Jax: Computing the diagonal elements of a Hessian

Created on 20 Jul 2020 · 9Comments · Source: google/jax

Hi all,

I would like to use Jax to compute the diagonal elelments of a Hessian matrix, i.e second partial derivatives \partial y^2 / \partial x_j^2. What's the most efficient way to do this? I know that for columns of the Hessian, I could use Hessian-vector products, but what can I do in this case to avoid computing full Hessians?

question

Source

Marius1311

All 9 comments

Unfortunately, computing the diagonal elements of a Hessian is fundamentally just as expensive as computing the full Hessian (i.e., there aren't any tricks that JAX or any other library could use). See also https://github.com/google/jax/issues/564 and https://github.com/HIPS/autograd/issues/445 for more discussion.

jekbradbury on 21 Jul 2020

(Assuming there isn't any additional structure to your problem that would make it easier, such as having a component with a diagonal or otherwise sparse Jacobian)

jekbradbury on 21 Jul 2020

If my jacobian is diagonal, what is the most elegant way to get the diagonal of the hessian? In autograd it was elementwise_grad twice, but for some reason I can't wrap my head around vmap and jacobian for a general form in jax...

clemisch on 21 Jul 2020

Thanks @jekbradbury! My Jacobian does not have any sparsity structure I can exploit, unfortunetely.

Marius1311 on 21 Jul 2020

@clemisch if you have a function with a diagonal Jacobian, I believe that means it must act elementwise (or act elementwise up to an additive vector constant). For such a function, the equivalent of Autograd elementwise_grad is vmap(grad(f)) where f is the version that acts on a scalar.

jekbradbury on 21 Jul 2020

👍1

If my jacobian is diagonal, what is the most elegant way to get the diagonal of the hessian?

Whether you can use vmap may depend on whether your function is rank-polymorphic. Let's assume it's not, so that we have a function f modeling a function f : R^n -> R which we're promised has a diagonal Hessian.

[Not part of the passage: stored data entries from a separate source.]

lemma det_rate_eq_U1_div_budget:
  assumes "finite E" "mixed (strat2 E b2) \<sigma>2"
    and "measure_pmf.expectation \<sigma>2 (\<lambda>T. real (card T)) = real b2"
  shows "det_rate C \<sigma>1 \<sigma>2 = U1 C \<sigma>1 \<sigma>2 / real b2"
proof -
  have fin: "finite (set_pmf \<sigma>2)"
    using finite_set_pmf_mixed[OF finite_strat2[OF assms(1)] assms(2)] .
  have "real (card T) = real b2" if "T \<in> set_pmf \<sigma>2" for T
    using assms(2) by (intro expectation_eq_upper_bound_imp_eq[OF fin _ assms(3) that])
      (auto simp: mixed_def strat2_def)
  then have "det_rate C \<sigma>1 \<sigma>2 = measure_pmf.expectation (pair_pmf \<sigma>1 \<sigma>2)
      (\<lambda>(S, T). real (Fdet C S T) / real b2)"
    unfolding det_rate_def by (intro integral_cong_AE) (auto simp: AE_measure_pmf_iff)
  also have "\<dots> = U1 C \<sigma>1 \<sigma>2 / real b2"
    unfolding U1_def by (simp add: split_def)
  finally show ?thesis .
qed

context
  fixes V :: "'v set" and E :: "'e set" and C :: "'v \<Rightarrow> 'e set" and xs :: "'v list" and ys :: "'e list"
  assumes finite: "finite V" "finite E"
    and cover: "distinct xs" "is_set_cover V E C (set xs)" "xs \<noteq> []"
    and packing: "distinct ys" "is_set_packing V E C (set ys)"
    and same_size: "length ys = length xs"
begin

lemma cyclic_strategies_mixed:
  "mixed (strat1 V b1) (cyclic_strategy xs b1)" "mixed (strat2 E b2) (cyclic_strategy ys b2)"
proof -
  have "ys \<noteq> []"
    using cover(3) same_size by auto
  then show "mixed (strat1 V b1) (cyclic_strategy xs b1)" "mixed (strat2 E b2) (cyclic_strategy ys b2)"
    using cyclic_strategy_mixed cover(2,3) packing(2)
    unfolding is_set_cover_def is_set_packing_def by auto
qed

lemma cyclic_packing_guarantee:
  assumes "b2 \<le> length xs" "mixed (strat1 V b1) \<tau>1"
  shows "U1 C \<tau>1 (cyclic_strategy ys b2) \<le> real b1 / real (length xs) * real b2"
proof -
  have "ys \<noteq> []"
    using cover(3) same_size by auto
  then show ?thesis
    using U1_cyclic_packing_le[OF finite(1) packing _ _ assms(2)] assms(1) same_size by simp
qed

lemma cyclic_cover_guarantee:
  assumes "b1 \<le> length xs" "mixed (strat2 E b2) \<tau>2"
  shows "real b1 / real (length xs) * measure_pmf.expectation \<tau>2 (\<lambda>T. real (card T))
           \<le> U1 C (cyclic_strategy xs b1) \<tau>2"
  using U1_cyclic_cover_ge[OF finite(2) cover(1,2) assms(1) cover(3) assms(2)] .

lemma expected_card_cyclic_packing:
  assumes "b2 \<le> length xs"
  shows "measure_pmf.expectation (cyclic_strategy ys b2) (\<lambda>T. real (card T)) = real b2"
proof -
  have "ys \<noteq> []"
    using cover(3) same_size by auto
  then show ?thesis
    using expectation_card_cyclic_strategy[OF packing(1)] assms same_size by simp
qed

lemma cyclic_strategies_nash_eq:
  assumes b1: "b1 \<le> length xs" and b2: "b2 \<le> length xs"
  defines "\<sigma>1 \<equiv> cyclic_strategy xs b1" and "\<sigma>2 \<equiv> cyclic_strategy ys b2"
  shows "U1 C \<sigma>1 \<sigma>2 = real b1 * real b2 / real (length xs)"
    and "nash_eq V E C b1 b2 \<sigma>1 \<sigma>2"
proof -
  define a where "a = real b1 / real (length xs)"
  have U1_value: "U1 C \<sigma>1 \<sigma>2 = a * real b2"
    using cyclic_packing_guarantee[OF b2 cyclic_strategies_mixed(1)[of b1]]
      cyclic_cover_guarantee[OF b1 cyclic_strategies_mixed(2)[of b2]]
      expected_card_cyclic_packing[OF b2]
    unfolding \<sigma>1_def \<sigma>2_def a_def by simp
  then show "U1 C \<sigma>1 \<sigma>2 = real b1 * real b2 / real (length xs)"
    unfolding a_def by simp
  have "U2 C \<sigma>1 \<tau>2 \<le> U2 C \<sigma>1 \<sigma>2" if "mixed (strat2 E b2) \<tau>2" for \<tau>2
  proof -
    define Ec where "Ec = measure_pmf.expectation \<tau>2 (\<lambda>T. real (card T))"
    have "U2 C \<sigma>1 \<tau>2 \<le> (1 - a) * Ec"
      using cyclic_cover_guarantee[OF b1 that]
      unfolding U2_eq_expected_card_minus_U1 Ec_def \<sigma>1_def a_def by (simp add: algebra_simps)
    also have "\<dots> \<le> (1 - a) * real b2"
      using expected_card_le_budget[OF finite(2) that] b1
      unfolding Ec_def a_def by (intro mult_left_mono) (auto simp: divide_le_eq_1)
    also have "\<dots> = U2 C \<sigma>1 \<sigma>2"
      using expected_card_cyclic_packing[OF b2, folded \<sigma>2_def]
      unfolding U2_eq_expected_card_minus_U1 U1_value by (simp add: algebra_simps)
    finally show ?thesis .
  qed
  then show "nash_eq V E C b1 b2 \<sigma>1 \<sigma>2"
    using cyclic_strategies_mixed cyclic_packing_guarantee[OF b2] U1_value
    unfolding nash_eq_def \<sigma>1_def \<sigma>2_def a_def by auto
qed

lemma nash_eq_value:
  assumes b1: "b1 < length xs" and b2: "b2 \<le> length xs" and eq: "nash_eq V E C b1 b2 \<sigma>1 \<sigma>2"
  shows "measure_pmf.expectation \<sigma>2 (\<lambda>T. real (card T)) = real b2"
    and "U1 C \<sigma>1 \<sigma>2 = real b1 * real b2 / real (length xs)"
proof -
  define a where "a = real b1 / real (length xs)"
  define Ec where "Ec = measure_pmf.expectation \<sigma>2 (\<lambda>T. real (card T))"
  let ?\<sigma>1 = "cyclic_strategy xs b1" and ?\<sigma>2 = "cyclic_strategy ys b2"
  have m1: "mixed (strat1 V b1) \<sigma>1" and m2: "mixed (strat2 E b2) \<sigma>2"
    and best1: "U1 C ?\<sigma>1 \<sigma>2 \<le> U1 C \<sigma>1 \<sigma>2" and best2: "U2 C \<sigma>1 ?\<sigma>2 \<le> U2 C \<sigma>1 \<sigma>2"
    using eq cyclic_strategies_mixed unfolding nash_eq_def by auto
  have cover: "a * Ec \<le> U1 C ?\<sigma>1 \<sigma>2"
    using cyclic_cover_guarantee[OF less_imp_le[OF b1] m2] unfolding a_def Ec_def .
  have packing: "U1 C \<sigma>1 ?\<sigma>2 \<le> a * real b2"
    using cyclic_packing_guarantee[OF b2 m1] unfolding a_def .
  have U2: "U2 C \<sigma>1 \<sigma>2 = Ec - U1 C \<sigma>1 \<sigma>2" "U2 C \<sigma>1 ?\<sigma>2 = real b2 - U1 C \<sigma>1 ?\<sigma>2"
    using expected_card_cyclic_packing[OF b2] unfolding U2_eq_expected_card_minus_U1 Ec_def by simp_all
  have "(1 - a) * real b2 \<le> (1 - a) * Ec"
    using best1 best2 cover packing U2 by (simp add: algebra_simps)
  moreover have "a < 1"
    using b1 unfolding a_def by (simp add: divide_less_eq)
  ultimately have "real b2 \<le> Ec"
    by simp
  then show Ec: "Ec = real b2"
    using expected_card_le_budget[OF finite(2) m2] unfolding Ec_def by simp
  show "U1 C \<sigma>1 \<sigma>2 = real b1 * real b2 / real (length xs)"
    using best1 best2 cover packing U2 Ec unfolding a_def by simp
qed

lemma nash_eq_payoffs:
  assumes "b1 < length xs" "b2 \<le> length xs" "0 < b2" "nash_eq V E C b1 b2 \<sigma>1 \<sigma>2"
  shows "U1 C \<sigma>1 \<sigma>2 = real b1 * real b2 / real (length xs)"
    and "U2 C \<sigma>1 \<sigma>2 = real b2 * (1 - real b1 / real (length xs))"
    and "det_rate C \<sigma>1 \<sigma>2 = real b1 / real (length xs)"
proof -
  note Ec = nash_eq_value(1)[OF assms(1,2,4)] and U1 = nash_eq_value(2)[OF assms(1,2,4)]
  show "U1 C \<sigma>1 \<sigma>2 = real b1 * real b2 / real (length xs)"
    using U1 .
  show "U2 C \<sigma>1 \<sigma>2 = real b2 * (1 - real b1 / real (length xs))"
    using Ec U1 unfolding U2_eq_expected_card_minus_U1 by (simp add: algebra_simps)
  have "det_rate C \<sigma>1 \<sigma>2 = U1 C \<sigma>1 \<sigma>2 / real b2"
    using assms(4) Ec unfolding nash_eq_def by (intro det_rate_eq_U1_div_budget[OF finite(2)]) auto
  then show "det_rate C \<sigma>1 \<sigma>2 = real b1 / real (length xs)"
    using U1 assms(3) by simp
qed

end

lemma ex_distinct_min_set_cover:
  assumes "detection_model V E C"
  shows "\<exists>xs. distinct xs \<and> is_min_set_cover V E C (set xs)"
proof -
  let ?F = "{S. is_set_cover V E C S}"
  have fin: "finite V"
    using assms unfolding detection_model_def by simp
  have "finite ?F"
    by (rule finite_subset[of _ "Pow V"]) (use fin in \<open>auto simp: is_set_cover_def\<close>)
  moreover have "V \<in> ?F"
    using assms unfolding detection_model_def is_set_cover_def covered_def by blast
  ultimately have "min_cover_size V E C \<in> card ` ?F"
    unfolding min_cover_size_def by (intro Min_in) auto
  then obtain S where S: "is_set_cover V E C S" "card S = min_cover_size V E C"
    by auto
  moreover have "finite S"
    using S(1) fin finite_subset unfolding is_set_cover_def by blast
  then obtain xs where "set xs = S" "distinct xs"
    using finite_distinct_list by blast
  ultimately show ?thesis
    unfolding is_min_set_cover_def by blast
qed

lemma ex_distinct_max_set_packing:
  assumes "detection_model V E C"
  shows "\<exists>ys. distinct ys \<and> is_max_set_packing V E C (set ys)"
proof -
  let ?F = "{T. is_set_packing V E C T}"
  have fin: "finite E"
    using assms unfolding detection_model_def by simp
  have "finite ?F"
    by (rule finite_subset[of _ "Pow E"]) (use fin in \<open>auto simp: is_set_packing_def\<close>)
  moreover have "{} \<in> ?F"
    unfolding is_set_packing_def by simp
  ultimately have "max_packing_size V E C \<in> card ` ?F"
    unfolding max_packing_size_def by (intro Max_in) auto
  then obtain T where T: "is_set_packing V E C T" "card T = max_packing_size V E C"
    by auto
  moreover have "finite T"
    using T(1) fin finite_subset unfolding is_set_packing_def by blast
  then obtain ys where "set ys = T" "distinct ys"
    using finite_distinct_list by blast
  ultimately show ?thesis
    unfolding is_max_set_packing_def by blast
qed

theorem mainTheorem10:
  fixes V :: "'v set" and E :: "'e set" and C :: "'v \<Rightarrow> 'e set" and b1 b2 :: nat
  assumes "detection_model V E C"
    and "0 < b1" and "0 < b2"
    and "b1 < min_cover_size V E C"
    and "b2 < max_packing_size V E C"
    and "min_cover_size V E C = max_packing_size V E C"
  shows "(\<forall>xs ys. distinct xs \<and> is_min_set_cover V E C (set xs) \<and>
                 distinct ys \<and> is_max_set_packing V E C (set ys) \<longrightarrow>
             nash_eq V E C b1 b2 (cyclic_strategy xs b1) (cyclic_strategy ys b2))
       \<and> (\<forall>\<sigma>1 \<sigma>2. nash_eq V E C b1 b2 \<sigma>1 \<sigma>2 \<longrightarrow>
             U1 C \<sigma>1 \<sigma>2 = real b1 * real b2 / real (min_cover_size V E C) \<and>
             U2 C \<sigma>1 \<sigma>2 = real b2 * (1 - real b1 / real (min_cover_size V E C)) \<and>
             det_rate C \<sigma>1 \<sigma>2 = real b1 / real (min_cover_size V E C))"
proof -
  define n where "n = min_cover_size V E C"
  have fin: "finite V" "finite E"
    using assms(1) unfolding detection_model_def by auto
  have optimal: "is_set_cover V E C (set xs) \<and> xs \<noteq> [] \<and> is_set_packing V E C (set ys)
      \<and> length ys = length xs \<and> length xs = n \<and> b1 < n \<and> b2 < n"
    if "distinct xs" "is_min_set_cover V E C (set xs)" "distinct ys" "is_max_set_packing V E C (set ys)"
    for xs ys
    using that assms(4-6)
    unfolding is_min_set_cover_def is_max_set_packing_def n_def by (auto simp flip: distinct_card)
  have "nash_eq V E C b1 b2 (cyclic_strategy xs b1) (cyclic_strategy ys b2)"
    if "distinct xs" "is_min_set_cover V E C (set xs)" "distinct ys" "is_max_set_packing V E C (set ys)"
    for xs ys
    using optimal[OF that] that cyclic_strategies_nash_eq(2)[OF fin] by simp
  moreover have "U1 C \<sigma>1 \<sigma>2 = real b1 * real b2 / real n \<and>
      U2 C \<sigma>1 \<sigma>2 = real b2 * (1 - real b1 / real n) \<and> det_rate C \<sigma>1 \<sigma>2 = real b1 / real n"
    if eq: "nash_eq V E C b1 b2 \<sigma>1 \<sigma>2" for \<sigma>1 \<sigma>2
  proof -
    obtain xs ys where xs: "distinct xs" "is_min_set_cover V E C (set xs)"
      and ys: "distinct ys" "is_max_set_packing V E C (set ys)"
      using ex_distinct_min_set_cover[OF assms(1)] ex_distinct_max_set_packing[OF assms(1)] by blast
    show ?thesis
      using optimal[OF xs ys] nash_eq_payoffs[OF fin xs(1) _ _ ys(1) _ _ _ _ assms(3) eq] by simp
  qed
  ultimately show ?thesis
    unfolding n_def by blast
qed

end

Mathematically, if we can compute a Hessian-vector product (HVP), then we can reveal the diagonal entries of a diagonal Hessian by applying an HVP to an all-ones vector. Here's one way to do it:

from jax import jvp, grad, hessian
import jax.numpy as jnp
import numpy.random as npr

rng = npr.RandomState(0)
a = rng.randn(4)
x = rng.randn(4)

# function with diagonal Hessian that isn't rank-polymorphic
def f(x):
  assert x.ndim == 1
  return jnp.sum(jnp.tanh(a * x))


def hvp(f, x, v):
  return jvp(grad(f), (x,), (v,))[1]

print(hessian(f)(x))
print(jnp.diag(hessian(f)(x)))
print(hvp(f, x, jnp.ones_like(x)))

$ python issue3801.py
[[-0.03405464  0.          0.          0.        ]
 [ 0.          0.10269941  0.          0.        ]
 [ 0.          0.         -0.65265197  0.        ]
 [ 0.          0.          0.          2.9311912 ]]
[-0.03405464  0.10269941 -0.65265197  2.9311912 ]
[-0.03405464  0.10269941 -0.65265197  2.9311912 ]

That hvp implementation is in the autodiff cookbook.